──────── Supplied records ────────
locale dutch_phase =
  fixes n :: nat and F f c dc ddc :: "real \<Rightarrow> real" and b bv bs bvs :: "real \<Rightarrow> real \<Rightarrow> real"
  assumes F0: "F 0 = 0" and F_mono: "mono_on {0..1} F"
    and F_deriv: "\<forall>x\<in>{0..1}. (F has_real_derivative f x) (at x within {0..1})"
    and c_deriv: "\<forall>t\<in>{0..1}. (c has_real_derivative dc t) (at t within {0..1})"
    and dc_deriv: "\<forall>t\<in>{0..1}. (dc has_real_derivative ddc t) (at t within {0..1})"
    and dc_gt: "\<forall>t\<in>{0..1}. dc t > -1"
    and b_dv: "\<forall>v\<in>{0..1}. \<forall>s\<in>{0..1}.
                 ((\<lambda>w. b w s) has_real_derivative bv v s) (at v within {0..1})"
    and b_ds: "\<forall>v\<in>{0..1}. \<forall>s\<in>{0..1}.
                 ((\<lambda>r. b v r) has_real_derivative bs v s) (at s within {0..1})"
    and bv_ds: "\<forall>v\<in>{0..1}. \<forall>s\<in>{0..1}.
                 ((\<lambda>r. bv v r) has_real_derivative bvs v s) (at s within {0..1})"
    and bs_dv: "\<forall>v\<in>{0..1}. \<forall>s\<in>{0..1}.
                 ((\<lambda>w. bs w s) has_real_derivative bvs v s) (at v within {0..1})"
    and b_incr: "\<forall>s\<in>{0..1}. strict_mono_on {0..1} (\<lambda>v. b v s)"
    and b_init: "\<forall>s\<in>{0..1}. b 0 s = 0"
    and b_ode: "\<forall>v\<in>{0<..1}. \<forall>s\<in>{0..1}. s - b v s \<in> {0..1} \<longrightarrow>
                 bv v s = (real (n - 1) * F v ^ (n - 2) * f v) / (F v ^ (n - 1))
                          * ((c (s - b v s) * v - b v s) / (1 + dc (s - b v s) * v))"
begin

definition reverse_hazard :: "real \<Rightarrow> real" where
  "reverse_hazard x = real (n - 1) * F x ^ (n - 2) * f x / F x ^ (n - 1)"

definition margin :: "real \<Rightarrow> real \<Rightarrow> real" where
  "margin s v = (1 - bs v s) * (1 + dc (s - b v s) * v)"

lemma reverse_hazard_nonneg:
  assumes "x \<in> {0<..<1}"
  shows "0 \<le> reverse_hazard x"
proof -
  have "(F has_real_derivative f x) (at x)"
    using F_deriv[rule_format, of x] assms at_within_unit_interval[OF assms] by simp
  then have "0 \<le> f x" using mono_on_imp_deriv_nonneg[OF F_mono] assms by simp
  moreover have "0 \<le> F x" using mono_onD[OF F_mono, of 0 x] F0 assms by simp
  ultimately show ?thesis by (simp add: reverse_hazard_def)
qed

lemma b_nonneg:
  assumes "v \<in> {0..1}" "r \<in> {0..1}"
  shows "0 \<le> b v r"
  using b_init strict_mono_onD[OF b_incr[rule_format, OF assms(2)], of 0 v] assms
  by (cases "v = 0") auto
(* Let $U_n\subset C^n([a,b],\mathbb{K})$ (with $\mathbb{K}=\mathbb{R}$ or $\mathbb{C}$, $a<b$) be a subspace of dimension $n+1$ possessing a non-negative Bernstein basis $p_{n,0},\dots,p_{n,n}$ for $\{a,b\}$. Suppose $f_0,f_1\in U_n$ are such that $f_0>0$ on $[a,b]$ and $f_1/f_0$ is strictly increasing on $[a,b]$, and write $f_0=\sum_{k=0}^n\beta_kp_{n,k}$, $f_1=\sum_{k=0}^n\gamma_kp_{n,k}$. Then there exist points $t_0,\dots,t_n\in[a,b]$ and positive coefficients $\alpha_0,\dots,\alpha_n$ such that the operator $B_nf=\sum_{k=0}^nf(t_k)\alpha_kp_{n,k}$ satisfies $B_nf_0=f_0$ and $B_nf_1=f_1$ if and only if $\beta_k>0$ for all $k$ and $$\frac{f_1(a)}{f_0(a)}=\frac{\gamma_0}{\beta_0}\le\frac{\gamma_k}{\beta_k}\le\frac{\gamma_n}{\beta_n}=\frac{f_1(b)}{f_0(b)}\quad\text{for all }k=0,\dots,n.$$ Moreover, such points and coefficients, when they exist, are unique.
   Context: A function $f\in C^m([a,b],\mathbb{K})$ has a zero of order $k$ at $c$ if $f(c)=\dots=f^{(k-1)}(c)=0$ and $f^{(k)}(c)\ne0$ (one-sided derivatives at endpoints). For an $(m+1)$-dimensional space $V\subset C^m([a,b],\mathbb{K})$, a Bernstein basis for $\{a,b\}$ is a system $p_{m,0},\dots,p_{m,m}$ in $V$ such that each $p_{m,k}$ has a zero of order exactly $k$ at $a$ and of order exactly $m-k$ at $b$ (it is a basis of $V$). It is non-negative if each $p_{m,k}$ is real-valued and $\ge0$ on $[a,b]$. *)

theory Defs
  imports "HOL-Analysis.Analysis"
begin

text \<open>Scalars: the field 'a is a real normed field (instances: real, complex).
  Functions on [a,b] are represented by total functions real => 'a; only their
  values on {a..b} matter.\<close>

definition deriv_seq :: "nat \<Rightarrow> real \<Rightarrow> real \<Rightarrow> (real \<Rightarrow> 'a::real_normed_vector)
    \<Rightarrow> (nat \<Rightarrow> real \<Rightarrow> 'a) \<Rightarrow> bool" where
  "deriv_seq m a b f D \<longleftrightarrow>
     (\<forall>x\<in>{a..b}. D 0 x = f x) \<and>
     (\<forall>j<m. \<forall>x\<in>{a..b}. (D j has_vector_derivative D (Suc j) x) (at x within {a..b})) \<and>
     (\<forall>j\<le>m. continuous_on {a..b} (D j))"
(* Let $k\ge1$ be an integer and write $[k+]=\{1,2,\ldots,k\}$. Then $d(A)\le d([k+])$ for every nonempty set $A\subseteq\{0,1,\ldots,k\}$, and if $k\notin\{1,3\}$ then equality holds only for $A=[k+]$. Equivalently, in base $2$ lunar arithmetic, among all $k$-digit numbers $n$ (i.e. $2^{k-1}\le n<2^k$), the maximal value of $d_2(n)$ occurs at $n=2^k-2$ (binary $11\ldots10$), and this is the unique maximum when $k\notin\{2,4\}$.
   Context: $\mathbb{N}=\{0,1,2,\ldots\}$. For $A,B\subseteq\mathbb{N}$, $A+B=\{a+b:a\in A,b\in B\}$. For a nonempty finite $C\subseteq\mathbb{N}$, $B\subseteq\mathbb{N}$ is a divisor of $C$ if $B+D=C$ for some $D\subseteq\mathbb{N}$, and $d(C)$ is the number of divisors of $C$. Base-$b$ lunar arithmetic ($b\ge2$): for numbers with base-$b$ digits $x=\sum_i x_ib^i$, $y=\sum_j y_jb^j$ ($0\le x_i,y_j\le b-1$), the lunar product is $x\otimes y=\sum_n\big(\max_{i+j=n}\min(x_i,y_j)\big)b^n$. For a positive integer $n$, $d_b(n)$ is the number of positive integers $m$ such that $m\otimes q=n$ for some integer $q$ (the lunar divisors of $n$). *)

theory Defs
  imports Main
begin

definition sumset :: "nat set \<Rightarrow> nat set \<Rightarrow> nat set" where
  "sumset A B = {a + b | a b. a \<in> A \<and> b \<in> B}"
lemma borel_measurable_velocity_integrand:
  "velocity_integrand \<alpha> R1 R2 x \<in> borel_measurable borel"
  unfolding velocity_integrand_def by measurable

lemma chord_quotient_le_kernel_majorant:
  fixes N D K m :: real
  assumes "0 < \<alpha>" "\<alpha> \<le> 2" "0 \<le> y" "y \<le> 2 * pi" "0 < m" "0 \<le> K"
    and N: "0 \<le> N" "N \<le> 2 * sin (y/2) * K" and D: "2 * sin (y/2) * m \<le> D"
  shows "N / D powr \<alpha> \<le> 2 * K * (2 * m) powr (-\<alpha>) * kernel_majorant \<alpha> y"
proof -
  have s0: "0 \<le> sin (y/2)"
    using assms by (intro sin_ge_zero) auto
  have rhs: "0 \<le> 2 * K * (2 * m) powr (-\<alpha>) * kernel_majorant \<alpha> y"
    using assms one_le_kernel_majorant[of \<alpha> y] by simp
  show ?thesis
  proof (cases "sin (y/2) = 0")
    case True
    then show ?thesis using N rhs by simp
  next
    case False
    define s where "s = sin (y/2)"
    have s: "0 < s" using False s0 by (simp add: s_def)
    have y: "0 < y" "y < 2 * pi"
      using False assms by (auto simp: le_less)
    have "N / D powr \<alpha> \<le> (2 * s * K) / (2 * s * m) powr \<alpha>"
      using N D s assms unfolding s_def[symmetric]
      by (intro frac_le powr_mono2 mult_pos_pos) auto
    also have "\<dots> = 2 * K * (2 * m) powr (-\<alpha>) * s powr (1 - \<alpha>)"
    proof -
      have "(2 * s * m) powr \<alpha> = s powr \<alpha> * (2 * m) powr \<alpha>"
        using s assms by (simp add: powr_mult[symmetric] mult_ac)
      moreover have "s powr (1 - \<alpha>) = s / s powr \<alpha>"
        using s by (simp add: powr_diff)
      ultimately show ?thesis
        by (simp add: powr_minus divide_inverse mult_ac)
    qed
    also have "\<dots> \<le> 2 * K * (2 * m) powr (-\<alpha>) * kernel_majorant \<alpha> y"
      using sin_half_powr_le_kernel_majorant[OF assms(2) y] assms
      by (intro mult_left_mono) (auto simp: s_def)
    finally show ?thesis .
  qed
qed

lemma abs_normal_kernel_le:
  assumes "0 < \<alpha>" "\<alpha> \<le> 2" "0 < R1" "0 < R2" "0 \<le> y" "y \<le> 2 * pi"
  shows "\<bar>normal_kernel \<alpha> R1 R2 x y\<bar> \<le> 2 * (2 * min R1 R2) powr (-\<alpha>) * kernel_majorant \<alpha> y"
proof -
  have s0: "0 \<le> sin (y/2)"
    using assms by (intro sin_ge_zero) auto
  have "\<bar>sin y\<bar> \<le> 2 * sin (y/2) * 1"
    using s0 sin_double[of "y/2"] by (simp add: abs_mult mult_left_le)
  moreover have "2 * sin (y/2) * min R1 R2 \<le> cmod (ellipse R1 R2 x - ellipse R1 R2 (x - y))"
    unfolding norm_ellipse_chord using s0 min_le_norm_ellipse_deriv[OF assms(3,4)]
    by (simp add: mult_left_mono)
  ultimately show ?thesis
    using chord_quotient_le_kernel_majorant[of \<alpha> y "min R1 R2" 1 "\<bar>sin y\<bar>"] assms
    by (simp add: normal_kernel_def abs_div)
qed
────────
If a line in the entries above has the word "imports", copy it.

  imports "HOL-Analysis.Analysis"
  imports Main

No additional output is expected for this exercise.